Confiança absoluta
A nossa vida decorre, no geral, de forma bastante superficial. Poucas vezes nos atrevemos a entrarmos em nós mesmos. Produz-nos uma espécie de vertigem aproximar-nos da nossa interioridade. Quem é esse estranho que descubro dentro de mim, cheio de medos e interrogações, faminto de felicidade e farto de problemas, sempre em busca e sempre insatisfeito?
Que postura adotar ao contemplar em nós essa mistura estranha de nobreza e miséria, de grandeza e pequenez, de finitude e infinitude? Entendermos o desconcerto de Santo Agostinho, que, questionado pela morte do seu melhor amigo, reflexiona sobre a sua vida: «Converti-me num grande enigma para mim mesmo».
Há uma primeira postura possível. Chama-se resignação, e consiste em nos contentarmos com o que somos. Instalar-nos na nossa pequena vida de cada dia e aceitar a nossa finitude. Naturalmente, para isso temos de abafar qualquer rumor de transcendência. Fechar os olhos a qualquer sinal que nos convide a olhar para o infinito. Permanecer surdos a todas as chamadas provenientes do Mistério.
Há outra atitude possível ante a encruzilhada da vida. A confiança absoluta. Aceitar na nossa vida a presença salvadora do Mistério. Abrir-nos a ela do mais fundo do nosso ser. Acolher a Deus como raiz e destino do nosso ser. Acreditar na salvação que se nos oferece.

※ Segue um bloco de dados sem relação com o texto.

lemma Rstar_iter_subdivision_Suc:
  assumes G: "simple_graph G" and conn: "connected_graph G"
  shows "Rstar (iter_subdivision (Suc k) G) = 8 * Rstar (iter_subdivision k G)
           + 2 ^ Suc k * real (card (snd G)) * (2 * real (card (snd G)) - 2 * real (card (fst G)) + 1)"
proof -
  let ?H = "iter_subdivision k G"
  interpret subdivisible ?H
    using iter_subdivision_invariants[OF G conn] layered_subdivisible by blast
  have "Rstar (subdivision ?H) = 8 * Rstar ?H
      + 2 * real (card (snd ?H)) * (2 * real (card (snd ?H)) - 2 * real (card (fst ?H)) + 1)"
    using Rstar_subdivision iter_subdivision_invariants[OF G conn] by blast
  then show ?thesis
    unfolding iter_subdivision_Suc card_iter_subdivision[OF G conn]
    by (simp add: algebra_simps)
qed

theorem theorem3p2:
  fixes G :: "'a graph" and k :: nat
  assumes "simple_graph G" and "connected_graph G" and "card (fst G) \<ge> 2"
  shows "Rstar (iter_subdivision k G) =
           8 ^ k * Rstar G
           + (8 ^ k - 2 ^ k) / 3 * real (card (snd G))
               * (2 * real (card (snd G)) - 2 * real (card (fst G)) + 1)"
proof (induction k)
  case 0
  show ?case
    using Rstar_relabel[OF inj_Orig assms(1,2)] by (simp add: iter_subdivision_def lift_graph_eq_relabel)
next
  case (Suc k)
  let ?m = "real (card (snd G))"
  let ?c = "2 * real (card (snd G)) - 2 * real (card (fst G)) + 1"
  have "Rstar (iter_subdivision (Suc k) G) = 8 * Rstar (iter_subdivision k G) + 2 ^ Suc k * ?m * ?c"
    by (rule Rstar_iter_subdivision_Suc[OF assms(1,2)])
  also have "\<dots> = 8 * (8 ^ k * Rstar G + (8 ^ k - 2 ^ k) / 3 * ?m * ?c) + 2 ^ Suc k * ?m * ?c"
    by (simp only: Suc)
  also have "\<dots> = 8 ^ Suc k * Rstar G + (8 * ((8 ^ k - 2 ^ k) / 3) + 2 ^ Suc k) * ?m * ?c"
    by (simp only: power_Suc algebra_simps)
  also have "8 * ((8 ^ k - 2 ^ k) / 3) + 2 ^ Suc k = (8 ^ Suc k - 2 ^ Suc k :: real) / 3"
    by (simp add: field_simps)
  finally show ?case .
qed

end
section \<open>Moving \<open>T2\<close> to \<open>y1'\<close>\<close>

lemma even_sum_sum_symmetric:
  fixes f :: "'a \<Rightarrow> 'a \<Rightarrow> nat"
  assumes "finite S" "\<And>u v. f u v = f v u" "\<And>u. u \<in> S \<Longrightarrow> f u u = 0"
  shows "even (\<Sum>u\<in>S. \<Sum>v\<in>S. f u v)"
  using assms(1,3)
proof (induction S rule: finite_induct)
  case (insert a S)
  have "(\<Sum>u\<in>insert a S. \<Sum>v\<in>insert a S. f u v) =
      (\<Sum>u\<in>S. \<Sum>v\<in>S. f u v) + (\<Sum>u\<in>S. f u a) + (\<Sum>v\<in>S. f a v) + f a a"
    using insert.hyps by (simp add: sum.distrib)
  moreover have "(\<Sum>u\<in>S. f u a) = (\<Sum>v\<in>S. f a v)"
    by (intro sum.cong refl) (rule assms(2))
  ultimately show ?case using insert by simp
qed simp

lemma div_2_le_div_2_iff: "even a \<Longrightarrow> even b \<Longrightarrow> a div 2 \<le> b div 2 \<longleftrightarrow> a \<le> b" for a b :: nat
  by (elim evenE) simp

locale moved_branch = rooted_tree +
  fixes T1 T2 L :: "'a set" and y1 y2 y1' :: 'a
  assumes special: "special_pair V E x T1 T2"
    and root_not_leaf: "\<not> is_leaf V E x"
    and y1: "y1 \<in> T1" "is_leaf V E y1" and y2: "y2 \<in> T2" "is_leaf V E y2"
    and y1_y1': "{y1, y1'} \<in> E"
    and same_depth: "d x y1 = d x y2"
    and finite_L: "finite L" and L_fresh: "L \<inter> (V - T2) = {}" and card_L: "card L = card T2"
    and same_leaf_count: "card {y \<in> T1. is_leaf V E y} = card {y \<in> T2. is_leaf V E y}"
begin

lemma T1_T2: "T1 \<noteq> T2" "comp_minus V E x T1" "comp_minus V E x T2"
  "card {b \<in> T1. is_broom V E b} = 1" "card {b \<in> T2. is_broom V E b} = 1"
  using special unfolding special_pair_def by auto
(* Let $L\colon \widehat{\Delta}\to\widehat{\Box}$ be the functor given by $L(X)([1]^n) = \int^{[m]\in\Delta} X_m \times \mathbf{Poset}([1]^n,[m])$. Equivalently, $L$ is the colimit-preserving functor with $L(y[m]) = \mathbf{Poset}(-,[m])|_{\Box}$; it is the leftmost adjoint in the essential geometric embedding $\widehat{\Delta}\to\widehat{\Box}$. Then $L$ preserves monomorphisms.
   Context: $\Delta$ is the simplex category, the full subcategory of $\mathbf{Poset}$ on $[m]=\{0<\dots<m\}$, $m\ge0$. $\Box$ is the full subcategory of $\mathbf{Poset}$ on $[1]^n$, $n \ge 0$. $\widehat{\mathcal{C}}$ denotes presheaves of sets on $\mathcal{C}$ and $y$ is the Yoneda embedding. The functor $L$ is left adjoint to the functor $T\colon\widehat{\Box}\to\widehat{\Delta}$, $T(Y)=\int^{n} Y([1]^n)\times N([1]^n)$, where $N$ denotes the nerve; on representables $T(y[1]^n)=(\Delta^1)^n$. *)

theory Defs
  imports Main
begin

text \<open>The object [m] has elements {0..m}. A morphism [k] -> [m] is a monotone map,
 represented canonically by a function nat => nat that is 0 outside {0..k}.\<close>

definition dhom :: "nat \<Rightarrow> nat \<Rightarrow> (nat \<Rightarrow> nat) set" where
  "dhom k m = {f. (\<forall>i\<le>k. f i \<le> m) \<and> (\<forall>i j. i \<le> j \<longrightarrow> j \<le> k \<longrightarrow> f i \<le> f j)
                  \<and> (\<forall>i. k < i \<longrightarrow> f i = 0)}"

definition did :: "nat \<Rightarrow> nat \<Rightarrow> nat" where
  "did m = (\<lambda>i. if i \<le> m then i else 0)"

definition dcomp :: "nat \<Rightarrow> (nat \<Rightarrow> nat) \<Rightarrow> (nat \<Rightarrow> nat) \<Rightarrow> nat \<Rightarrow> nat" where
  "dcomp k g f = (\<lambda>i. if i \<le> k then g (f i) else 0)"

Só desde essa confiança plena em Deus Salvador se entendem essas desconcertantes palavras de Jesus: «Quem vive preocupado com a sua vida a perderá; pelo contrário, quem não se agarre excessivamente a ela a conservará para a vida eterna». O decisivo é abrir-nos confiadamente ao Mistério de um Deus que é Amor e Bondade insondáveis. Reconhecer e aceitar que somos seres «gravitando em torno a Deus, nosso Pai. Como dizia Paul Tillich, «aceitar ser aceitos por Ele».